* [Task description] The line that contains "i - laplacian" marks the end: retype the data below exactly from its first line through that line.

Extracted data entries
-=-=-

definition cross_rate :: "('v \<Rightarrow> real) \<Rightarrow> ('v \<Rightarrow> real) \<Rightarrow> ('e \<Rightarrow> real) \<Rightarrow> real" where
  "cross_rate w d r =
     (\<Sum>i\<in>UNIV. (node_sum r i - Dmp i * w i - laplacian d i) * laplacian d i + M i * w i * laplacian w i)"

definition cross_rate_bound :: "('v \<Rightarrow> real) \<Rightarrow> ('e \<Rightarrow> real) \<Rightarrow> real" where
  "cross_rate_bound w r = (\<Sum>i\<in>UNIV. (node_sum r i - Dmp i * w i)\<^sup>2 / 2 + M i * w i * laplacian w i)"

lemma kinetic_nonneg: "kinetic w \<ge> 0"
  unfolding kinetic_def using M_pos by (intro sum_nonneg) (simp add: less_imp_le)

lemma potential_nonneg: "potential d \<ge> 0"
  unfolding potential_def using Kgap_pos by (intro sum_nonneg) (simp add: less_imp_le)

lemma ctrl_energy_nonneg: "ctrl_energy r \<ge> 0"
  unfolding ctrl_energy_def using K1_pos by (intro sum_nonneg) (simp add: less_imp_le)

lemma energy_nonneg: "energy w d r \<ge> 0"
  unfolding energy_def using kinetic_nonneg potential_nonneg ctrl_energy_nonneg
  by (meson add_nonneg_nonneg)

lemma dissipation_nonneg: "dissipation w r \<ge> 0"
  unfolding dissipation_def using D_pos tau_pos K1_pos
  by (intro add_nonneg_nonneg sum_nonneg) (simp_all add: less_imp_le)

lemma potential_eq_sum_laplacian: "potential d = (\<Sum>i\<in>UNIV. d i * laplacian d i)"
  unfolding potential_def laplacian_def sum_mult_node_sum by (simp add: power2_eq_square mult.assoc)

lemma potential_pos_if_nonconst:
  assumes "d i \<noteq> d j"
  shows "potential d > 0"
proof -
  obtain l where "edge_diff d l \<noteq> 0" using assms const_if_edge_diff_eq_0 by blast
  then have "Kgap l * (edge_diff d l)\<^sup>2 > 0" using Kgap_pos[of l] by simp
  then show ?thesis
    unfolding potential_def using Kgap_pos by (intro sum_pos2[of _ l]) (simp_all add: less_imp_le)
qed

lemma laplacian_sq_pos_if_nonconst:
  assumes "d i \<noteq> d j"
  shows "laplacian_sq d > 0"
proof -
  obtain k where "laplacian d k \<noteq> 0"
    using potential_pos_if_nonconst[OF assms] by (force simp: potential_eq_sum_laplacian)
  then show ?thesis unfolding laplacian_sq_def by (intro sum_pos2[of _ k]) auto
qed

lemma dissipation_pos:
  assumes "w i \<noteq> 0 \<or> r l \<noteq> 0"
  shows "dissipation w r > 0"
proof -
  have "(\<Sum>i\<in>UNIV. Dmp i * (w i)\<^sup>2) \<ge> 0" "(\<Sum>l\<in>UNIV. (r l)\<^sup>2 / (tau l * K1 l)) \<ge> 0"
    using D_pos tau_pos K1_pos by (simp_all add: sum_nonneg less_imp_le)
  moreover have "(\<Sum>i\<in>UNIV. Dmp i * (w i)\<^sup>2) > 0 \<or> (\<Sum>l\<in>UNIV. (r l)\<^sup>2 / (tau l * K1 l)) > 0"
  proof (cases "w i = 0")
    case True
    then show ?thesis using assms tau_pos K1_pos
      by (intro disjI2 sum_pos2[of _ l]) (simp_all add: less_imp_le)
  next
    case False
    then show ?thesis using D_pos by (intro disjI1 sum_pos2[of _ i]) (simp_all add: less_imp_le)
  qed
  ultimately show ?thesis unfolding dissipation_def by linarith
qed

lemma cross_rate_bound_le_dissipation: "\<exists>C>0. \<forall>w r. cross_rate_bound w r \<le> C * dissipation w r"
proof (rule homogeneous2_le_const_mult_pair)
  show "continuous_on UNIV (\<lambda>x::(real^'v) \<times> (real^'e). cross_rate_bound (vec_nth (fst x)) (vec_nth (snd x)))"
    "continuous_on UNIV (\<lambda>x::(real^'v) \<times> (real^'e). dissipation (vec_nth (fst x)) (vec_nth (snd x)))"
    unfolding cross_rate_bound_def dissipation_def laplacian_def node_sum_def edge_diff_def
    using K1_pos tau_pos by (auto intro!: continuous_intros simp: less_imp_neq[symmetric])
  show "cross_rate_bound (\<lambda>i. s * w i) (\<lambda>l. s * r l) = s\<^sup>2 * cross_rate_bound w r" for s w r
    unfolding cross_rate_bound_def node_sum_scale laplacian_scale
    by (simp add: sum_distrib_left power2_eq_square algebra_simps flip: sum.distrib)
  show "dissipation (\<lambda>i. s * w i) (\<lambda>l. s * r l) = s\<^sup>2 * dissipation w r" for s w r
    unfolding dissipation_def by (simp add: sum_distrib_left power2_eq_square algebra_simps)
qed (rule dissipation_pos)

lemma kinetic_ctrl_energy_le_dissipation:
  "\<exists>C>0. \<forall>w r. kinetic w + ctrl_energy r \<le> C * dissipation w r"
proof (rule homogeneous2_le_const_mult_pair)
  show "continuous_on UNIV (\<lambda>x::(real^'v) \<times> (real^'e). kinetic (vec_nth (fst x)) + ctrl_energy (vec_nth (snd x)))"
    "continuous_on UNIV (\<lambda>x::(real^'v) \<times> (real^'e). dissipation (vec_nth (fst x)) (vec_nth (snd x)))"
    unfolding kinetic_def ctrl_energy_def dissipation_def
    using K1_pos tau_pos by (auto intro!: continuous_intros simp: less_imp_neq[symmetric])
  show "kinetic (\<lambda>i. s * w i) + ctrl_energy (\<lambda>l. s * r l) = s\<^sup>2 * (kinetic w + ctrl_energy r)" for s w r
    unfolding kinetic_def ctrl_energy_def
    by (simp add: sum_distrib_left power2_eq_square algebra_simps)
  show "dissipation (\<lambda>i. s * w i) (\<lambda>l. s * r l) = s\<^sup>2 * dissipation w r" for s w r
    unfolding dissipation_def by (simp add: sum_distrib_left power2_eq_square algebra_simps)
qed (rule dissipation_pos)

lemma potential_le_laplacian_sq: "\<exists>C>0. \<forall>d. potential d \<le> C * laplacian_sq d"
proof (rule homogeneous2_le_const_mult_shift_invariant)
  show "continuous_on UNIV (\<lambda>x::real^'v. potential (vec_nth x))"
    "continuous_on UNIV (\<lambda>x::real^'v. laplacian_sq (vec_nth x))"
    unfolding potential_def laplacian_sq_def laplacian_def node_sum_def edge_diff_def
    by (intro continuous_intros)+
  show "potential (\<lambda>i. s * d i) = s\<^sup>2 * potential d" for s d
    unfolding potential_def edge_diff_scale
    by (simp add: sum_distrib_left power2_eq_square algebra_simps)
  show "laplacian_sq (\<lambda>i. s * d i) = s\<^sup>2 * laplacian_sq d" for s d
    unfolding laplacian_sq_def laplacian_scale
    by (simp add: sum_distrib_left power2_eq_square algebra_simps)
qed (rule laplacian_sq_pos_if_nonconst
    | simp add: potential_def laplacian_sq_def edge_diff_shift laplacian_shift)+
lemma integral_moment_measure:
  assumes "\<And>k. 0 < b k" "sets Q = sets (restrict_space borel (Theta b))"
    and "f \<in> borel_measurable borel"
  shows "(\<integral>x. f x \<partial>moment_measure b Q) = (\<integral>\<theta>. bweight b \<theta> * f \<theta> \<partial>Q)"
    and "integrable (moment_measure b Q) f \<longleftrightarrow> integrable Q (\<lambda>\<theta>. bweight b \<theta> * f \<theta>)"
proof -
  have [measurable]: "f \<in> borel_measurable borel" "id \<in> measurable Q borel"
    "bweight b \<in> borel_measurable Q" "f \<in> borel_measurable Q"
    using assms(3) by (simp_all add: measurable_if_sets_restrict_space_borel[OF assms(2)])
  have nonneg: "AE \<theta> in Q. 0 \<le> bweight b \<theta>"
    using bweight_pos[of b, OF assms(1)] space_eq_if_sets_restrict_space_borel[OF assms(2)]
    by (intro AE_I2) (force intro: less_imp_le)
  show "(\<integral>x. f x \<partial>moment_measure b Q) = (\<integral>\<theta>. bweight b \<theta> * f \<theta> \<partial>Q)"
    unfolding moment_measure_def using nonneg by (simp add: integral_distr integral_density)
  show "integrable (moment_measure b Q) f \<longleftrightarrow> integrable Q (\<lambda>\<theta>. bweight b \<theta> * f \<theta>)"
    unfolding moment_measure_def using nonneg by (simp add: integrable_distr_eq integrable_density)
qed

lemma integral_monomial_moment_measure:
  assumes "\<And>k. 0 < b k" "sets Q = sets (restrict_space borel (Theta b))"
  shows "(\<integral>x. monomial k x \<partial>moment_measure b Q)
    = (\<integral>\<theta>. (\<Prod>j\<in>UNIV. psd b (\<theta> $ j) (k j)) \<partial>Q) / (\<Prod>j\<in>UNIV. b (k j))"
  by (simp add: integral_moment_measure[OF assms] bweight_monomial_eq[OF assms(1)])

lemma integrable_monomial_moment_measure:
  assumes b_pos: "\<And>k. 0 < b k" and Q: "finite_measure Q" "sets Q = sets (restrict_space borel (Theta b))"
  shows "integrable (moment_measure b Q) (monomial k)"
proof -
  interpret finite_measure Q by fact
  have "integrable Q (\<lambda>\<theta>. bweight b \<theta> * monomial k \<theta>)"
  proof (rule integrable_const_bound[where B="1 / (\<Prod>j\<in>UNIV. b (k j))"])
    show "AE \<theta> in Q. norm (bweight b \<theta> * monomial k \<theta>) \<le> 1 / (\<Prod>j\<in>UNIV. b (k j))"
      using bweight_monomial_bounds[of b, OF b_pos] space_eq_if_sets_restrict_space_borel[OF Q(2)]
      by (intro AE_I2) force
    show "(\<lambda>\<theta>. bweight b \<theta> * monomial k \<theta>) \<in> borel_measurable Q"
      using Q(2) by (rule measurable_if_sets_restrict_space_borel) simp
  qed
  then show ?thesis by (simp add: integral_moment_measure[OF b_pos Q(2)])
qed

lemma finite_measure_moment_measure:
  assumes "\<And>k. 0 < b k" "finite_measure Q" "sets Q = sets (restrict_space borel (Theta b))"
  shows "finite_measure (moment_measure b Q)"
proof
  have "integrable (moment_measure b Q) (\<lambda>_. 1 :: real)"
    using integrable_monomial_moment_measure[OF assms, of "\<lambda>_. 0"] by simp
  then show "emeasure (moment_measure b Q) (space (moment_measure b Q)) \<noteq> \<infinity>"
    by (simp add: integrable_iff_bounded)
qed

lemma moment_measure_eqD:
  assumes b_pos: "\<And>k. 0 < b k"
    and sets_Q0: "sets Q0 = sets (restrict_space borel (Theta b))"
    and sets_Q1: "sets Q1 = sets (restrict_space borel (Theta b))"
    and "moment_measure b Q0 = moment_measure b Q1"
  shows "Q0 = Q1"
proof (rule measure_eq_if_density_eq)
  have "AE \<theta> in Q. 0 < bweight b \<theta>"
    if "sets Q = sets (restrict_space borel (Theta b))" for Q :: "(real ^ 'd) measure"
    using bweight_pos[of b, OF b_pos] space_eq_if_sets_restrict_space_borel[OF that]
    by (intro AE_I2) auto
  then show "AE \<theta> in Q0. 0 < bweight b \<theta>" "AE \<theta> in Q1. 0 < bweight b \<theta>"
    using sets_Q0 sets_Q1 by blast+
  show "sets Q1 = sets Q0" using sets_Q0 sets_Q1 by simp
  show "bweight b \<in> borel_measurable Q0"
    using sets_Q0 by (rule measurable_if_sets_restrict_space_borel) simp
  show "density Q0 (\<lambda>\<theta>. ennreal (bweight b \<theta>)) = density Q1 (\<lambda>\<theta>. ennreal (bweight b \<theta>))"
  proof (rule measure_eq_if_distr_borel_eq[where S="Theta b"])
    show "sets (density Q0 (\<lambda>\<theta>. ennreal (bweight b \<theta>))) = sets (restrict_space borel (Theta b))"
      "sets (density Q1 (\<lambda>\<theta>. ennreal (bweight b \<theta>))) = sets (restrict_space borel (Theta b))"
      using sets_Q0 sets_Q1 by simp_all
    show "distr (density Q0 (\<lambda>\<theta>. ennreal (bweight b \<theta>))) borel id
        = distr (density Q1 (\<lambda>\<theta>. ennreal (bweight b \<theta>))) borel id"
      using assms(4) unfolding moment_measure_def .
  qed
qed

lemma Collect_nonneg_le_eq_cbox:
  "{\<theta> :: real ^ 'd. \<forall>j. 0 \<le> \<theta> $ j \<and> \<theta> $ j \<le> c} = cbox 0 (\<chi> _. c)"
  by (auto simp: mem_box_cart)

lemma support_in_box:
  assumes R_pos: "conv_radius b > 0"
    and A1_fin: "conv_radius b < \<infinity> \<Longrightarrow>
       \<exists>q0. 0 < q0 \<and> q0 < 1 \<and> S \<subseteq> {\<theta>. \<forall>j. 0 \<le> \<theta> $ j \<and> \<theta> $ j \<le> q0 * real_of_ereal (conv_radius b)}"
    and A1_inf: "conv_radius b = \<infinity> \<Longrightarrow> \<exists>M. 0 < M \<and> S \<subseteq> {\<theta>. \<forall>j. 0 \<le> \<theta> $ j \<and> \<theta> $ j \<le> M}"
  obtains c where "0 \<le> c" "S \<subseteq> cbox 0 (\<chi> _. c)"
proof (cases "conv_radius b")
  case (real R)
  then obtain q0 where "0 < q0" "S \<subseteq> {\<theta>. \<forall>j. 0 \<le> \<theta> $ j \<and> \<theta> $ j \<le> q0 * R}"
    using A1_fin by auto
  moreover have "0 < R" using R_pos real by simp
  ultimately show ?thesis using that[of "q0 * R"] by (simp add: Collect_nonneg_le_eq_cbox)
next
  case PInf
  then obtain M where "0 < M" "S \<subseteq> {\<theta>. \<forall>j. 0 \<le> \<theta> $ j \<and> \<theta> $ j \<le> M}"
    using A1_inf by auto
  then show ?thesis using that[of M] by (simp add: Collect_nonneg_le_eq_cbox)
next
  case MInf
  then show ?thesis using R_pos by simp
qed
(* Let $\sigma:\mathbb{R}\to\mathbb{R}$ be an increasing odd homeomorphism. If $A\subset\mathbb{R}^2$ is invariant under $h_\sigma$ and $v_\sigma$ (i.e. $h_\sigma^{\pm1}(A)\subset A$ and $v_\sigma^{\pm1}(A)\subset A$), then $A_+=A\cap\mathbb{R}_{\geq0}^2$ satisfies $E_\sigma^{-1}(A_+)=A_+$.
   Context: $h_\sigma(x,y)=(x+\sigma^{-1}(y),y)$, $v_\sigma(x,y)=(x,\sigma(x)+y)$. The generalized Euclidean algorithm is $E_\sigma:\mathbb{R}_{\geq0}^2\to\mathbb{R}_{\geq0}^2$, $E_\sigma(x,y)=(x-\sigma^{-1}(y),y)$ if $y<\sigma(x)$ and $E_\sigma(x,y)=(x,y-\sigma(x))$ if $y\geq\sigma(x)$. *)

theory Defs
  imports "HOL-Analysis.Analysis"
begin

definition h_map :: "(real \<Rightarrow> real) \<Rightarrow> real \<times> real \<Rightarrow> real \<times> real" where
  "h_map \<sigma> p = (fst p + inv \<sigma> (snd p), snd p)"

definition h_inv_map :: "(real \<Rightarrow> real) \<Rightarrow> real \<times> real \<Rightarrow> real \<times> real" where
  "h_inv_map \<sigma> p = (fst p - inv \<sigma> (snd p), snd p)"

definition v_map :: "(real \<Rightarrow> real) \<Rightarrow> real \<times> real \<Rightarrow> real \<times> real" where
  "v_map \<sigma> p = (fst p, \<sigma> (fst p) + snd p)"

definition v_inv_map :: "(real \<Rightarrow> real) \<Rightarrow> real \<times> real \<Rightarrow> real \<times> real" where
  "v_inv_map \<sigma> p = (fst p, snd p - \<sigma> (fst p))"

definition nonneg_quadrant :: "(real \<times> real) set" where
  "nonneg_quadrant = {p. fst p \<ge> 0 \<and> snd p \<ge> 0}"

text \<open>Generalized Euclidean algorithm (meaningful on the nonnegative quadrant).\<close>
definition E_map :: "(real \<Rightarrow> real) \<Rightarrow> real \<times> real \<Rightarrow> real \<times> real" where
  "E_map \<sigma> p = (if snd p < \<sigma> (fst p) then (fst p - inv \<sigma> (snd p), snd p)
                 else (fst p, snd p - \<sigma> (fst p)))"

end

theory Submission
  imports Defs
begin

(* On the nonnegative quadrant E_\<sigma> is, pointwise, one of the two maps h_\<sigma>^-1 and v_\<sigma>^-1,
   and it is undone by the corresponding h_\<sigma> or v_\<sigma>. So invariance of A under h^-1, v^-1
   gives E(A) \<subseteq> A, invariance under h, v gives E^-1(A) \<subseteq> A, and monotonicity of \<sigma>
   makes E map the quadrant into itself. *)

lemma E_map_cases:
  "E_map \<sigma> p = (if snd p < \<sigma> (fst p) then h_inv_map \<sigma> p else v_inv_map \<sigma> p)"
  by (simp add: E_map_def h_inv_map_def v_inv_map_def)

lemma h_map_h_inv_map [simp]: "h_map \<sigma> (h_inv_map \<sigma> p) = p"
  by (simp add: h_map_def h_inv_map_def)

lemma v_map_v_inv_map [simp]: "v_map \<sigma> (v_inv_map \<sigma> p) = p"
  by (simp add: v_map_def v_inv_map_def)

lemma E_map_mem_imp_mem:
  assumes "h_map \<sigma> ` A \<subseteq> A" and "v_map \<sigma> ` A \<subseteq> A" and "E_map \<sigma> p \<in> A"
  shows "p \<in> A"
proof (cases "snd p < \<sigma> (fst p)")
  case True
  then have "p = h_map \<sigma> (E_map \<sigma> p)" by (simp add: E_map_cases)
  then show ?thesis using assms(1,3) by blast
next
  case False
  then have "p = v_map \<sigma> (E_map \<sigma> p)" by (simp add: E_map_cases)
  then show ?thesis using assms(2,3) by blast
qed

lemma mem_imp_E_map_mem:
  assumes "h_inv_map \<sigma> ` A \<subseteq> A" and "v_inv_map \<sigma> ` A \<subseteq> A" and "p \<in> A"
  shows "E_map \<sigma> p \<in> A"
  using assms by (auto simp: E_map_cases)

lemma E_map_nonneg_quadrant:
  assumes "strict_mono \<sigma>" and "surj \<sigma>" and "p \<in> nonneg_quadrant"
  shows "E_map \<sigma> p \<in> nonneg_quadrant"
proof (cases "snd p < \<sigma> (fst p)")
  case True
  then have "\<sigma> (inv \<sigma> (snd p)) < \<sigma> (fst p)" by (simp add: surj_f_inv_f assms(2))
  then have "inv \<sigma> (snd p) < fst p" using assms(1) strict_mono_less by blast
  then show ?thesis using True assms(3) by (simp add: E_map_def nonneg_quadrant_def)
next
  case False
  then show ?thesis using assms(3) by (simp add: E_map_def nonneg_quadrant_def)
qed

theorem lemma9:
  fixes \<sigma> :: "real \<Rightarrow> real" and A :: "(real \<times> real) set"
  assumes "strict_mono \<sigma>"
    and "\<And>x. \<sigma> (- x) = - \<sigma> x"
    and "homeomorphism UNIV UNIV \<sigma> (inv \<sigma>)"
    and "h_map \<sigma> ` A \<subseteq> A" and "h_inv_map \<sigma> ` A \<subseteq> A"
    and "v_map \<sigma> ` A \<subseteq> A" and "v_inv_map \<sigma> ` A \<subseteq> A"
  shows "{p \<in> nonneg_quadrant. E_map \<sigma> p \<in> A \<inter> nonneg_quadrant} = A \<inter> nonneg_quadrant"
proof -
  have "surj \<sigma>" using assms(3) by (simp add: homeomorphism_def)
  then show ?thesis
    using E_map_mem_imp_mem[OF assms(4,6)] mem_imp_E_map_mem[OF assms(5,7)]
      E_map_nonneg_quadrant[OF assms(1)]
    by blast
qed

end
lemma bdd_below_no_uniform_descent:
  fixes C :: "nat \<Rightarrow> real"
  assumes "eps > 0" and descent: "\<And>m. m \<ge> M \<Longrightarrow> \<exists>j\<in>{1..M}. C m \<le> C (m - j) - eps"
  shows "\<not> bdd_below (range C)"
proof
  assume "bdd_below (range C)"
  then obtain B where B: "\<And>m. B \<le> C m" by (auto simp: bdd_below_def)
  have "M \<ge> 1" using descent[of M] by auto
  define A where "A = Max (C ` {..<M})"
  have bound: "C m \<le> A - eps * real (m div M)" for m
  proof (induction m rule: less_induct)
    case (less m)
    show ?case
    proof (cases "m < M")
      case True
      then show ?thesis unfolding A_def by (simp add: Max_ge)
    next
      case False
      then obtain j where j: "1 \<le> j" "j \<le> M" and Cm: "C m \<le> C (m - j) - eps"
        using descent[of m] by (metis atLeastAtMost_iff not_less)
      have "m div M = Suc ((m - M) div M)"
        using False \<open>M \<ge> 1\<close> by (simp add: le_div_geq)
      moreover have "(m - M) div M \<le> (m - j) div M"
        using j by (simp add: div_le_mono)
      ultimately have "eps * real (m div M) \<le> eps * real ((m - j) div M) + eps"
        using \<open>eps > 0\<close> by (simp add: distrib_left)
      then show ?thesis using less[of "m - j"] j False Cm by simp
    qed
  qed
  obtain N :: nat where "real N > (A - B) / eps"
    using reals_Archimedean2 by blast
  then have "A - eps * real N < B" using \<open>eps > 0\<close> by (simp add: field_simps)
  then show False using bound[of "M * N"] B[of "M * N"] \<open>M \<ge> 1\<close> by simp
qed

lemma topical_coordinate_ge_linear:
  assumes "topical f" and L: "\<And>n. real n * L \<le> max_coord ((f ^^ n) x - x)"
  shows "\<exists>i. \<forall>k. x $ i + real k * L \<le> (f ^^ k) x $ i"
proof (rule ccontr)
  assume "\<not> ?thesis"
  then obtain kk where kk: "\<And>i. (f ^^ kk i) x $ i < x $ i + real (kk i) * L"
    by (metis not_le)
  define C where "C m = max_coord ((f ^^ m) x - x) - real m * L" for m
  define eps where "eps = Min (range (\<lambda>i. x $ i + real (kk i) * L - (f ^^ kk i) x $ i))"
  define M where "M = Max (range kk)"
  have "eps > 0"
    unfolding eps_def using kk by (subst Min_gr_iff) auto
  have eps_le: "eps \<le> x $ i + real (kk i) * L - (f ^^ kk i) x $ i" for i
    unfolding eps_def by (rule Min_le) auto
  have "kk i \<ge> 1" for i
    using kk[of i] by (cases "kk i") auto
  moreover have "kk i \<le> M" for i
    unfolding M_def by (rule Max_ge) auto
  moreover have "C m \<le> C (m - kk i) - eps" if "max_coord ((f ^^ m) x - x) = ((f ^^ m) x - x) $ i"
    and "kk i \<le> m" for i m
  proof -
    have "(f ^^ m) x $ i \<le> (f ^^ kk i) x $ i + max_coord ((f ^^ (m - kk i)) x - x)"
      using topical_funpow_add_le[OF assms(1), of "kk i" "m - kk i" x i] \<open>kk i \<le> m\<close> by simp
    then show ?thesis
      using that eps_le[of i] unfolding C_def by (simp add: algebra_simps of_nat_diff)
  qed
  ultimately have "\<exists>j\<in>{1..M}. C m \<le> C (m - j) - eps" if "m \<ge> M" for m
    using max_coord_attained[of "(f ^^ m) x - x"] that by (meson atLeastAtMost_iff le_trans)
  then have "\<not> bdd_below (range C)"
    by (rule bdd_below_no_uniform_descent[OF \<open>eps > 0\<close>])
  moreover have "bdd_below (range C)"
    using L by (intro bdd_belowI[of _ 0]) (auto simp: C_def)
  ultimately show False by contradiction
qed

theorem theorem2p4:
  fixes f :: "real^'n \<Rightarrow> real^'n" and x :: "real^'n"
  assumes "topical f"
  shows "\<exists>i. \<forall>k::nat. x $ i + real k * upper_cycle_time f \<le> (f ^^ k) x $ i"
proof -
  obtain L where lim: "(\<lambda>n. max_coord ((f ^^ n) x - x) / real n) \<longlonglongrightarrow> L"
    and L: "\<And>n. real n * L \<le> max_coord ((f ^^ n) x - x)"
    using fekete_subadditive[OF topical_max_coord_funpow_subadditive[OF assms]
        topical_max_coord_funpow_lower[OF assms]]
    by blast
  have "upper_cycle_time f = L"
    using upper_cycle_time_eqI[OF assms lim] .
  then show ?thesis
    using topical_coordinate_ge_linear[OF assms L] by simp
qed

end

-=-=-

* [Result of this task]
definition cross_rate :: "('v \<Rightarrow> real) \<Rightarrow> ('v \<Rightarrow> real) \<Rightarrow> ('e \<Rightarrow> real) \<Rightarrow> real" where
  "cross_rate w d r =
     (\<Sum>i\<in>UNIV. (node_sum r i - Dmp i * w i - laplacian d i) * laplacian d i + M i * w i * laplacian w i)"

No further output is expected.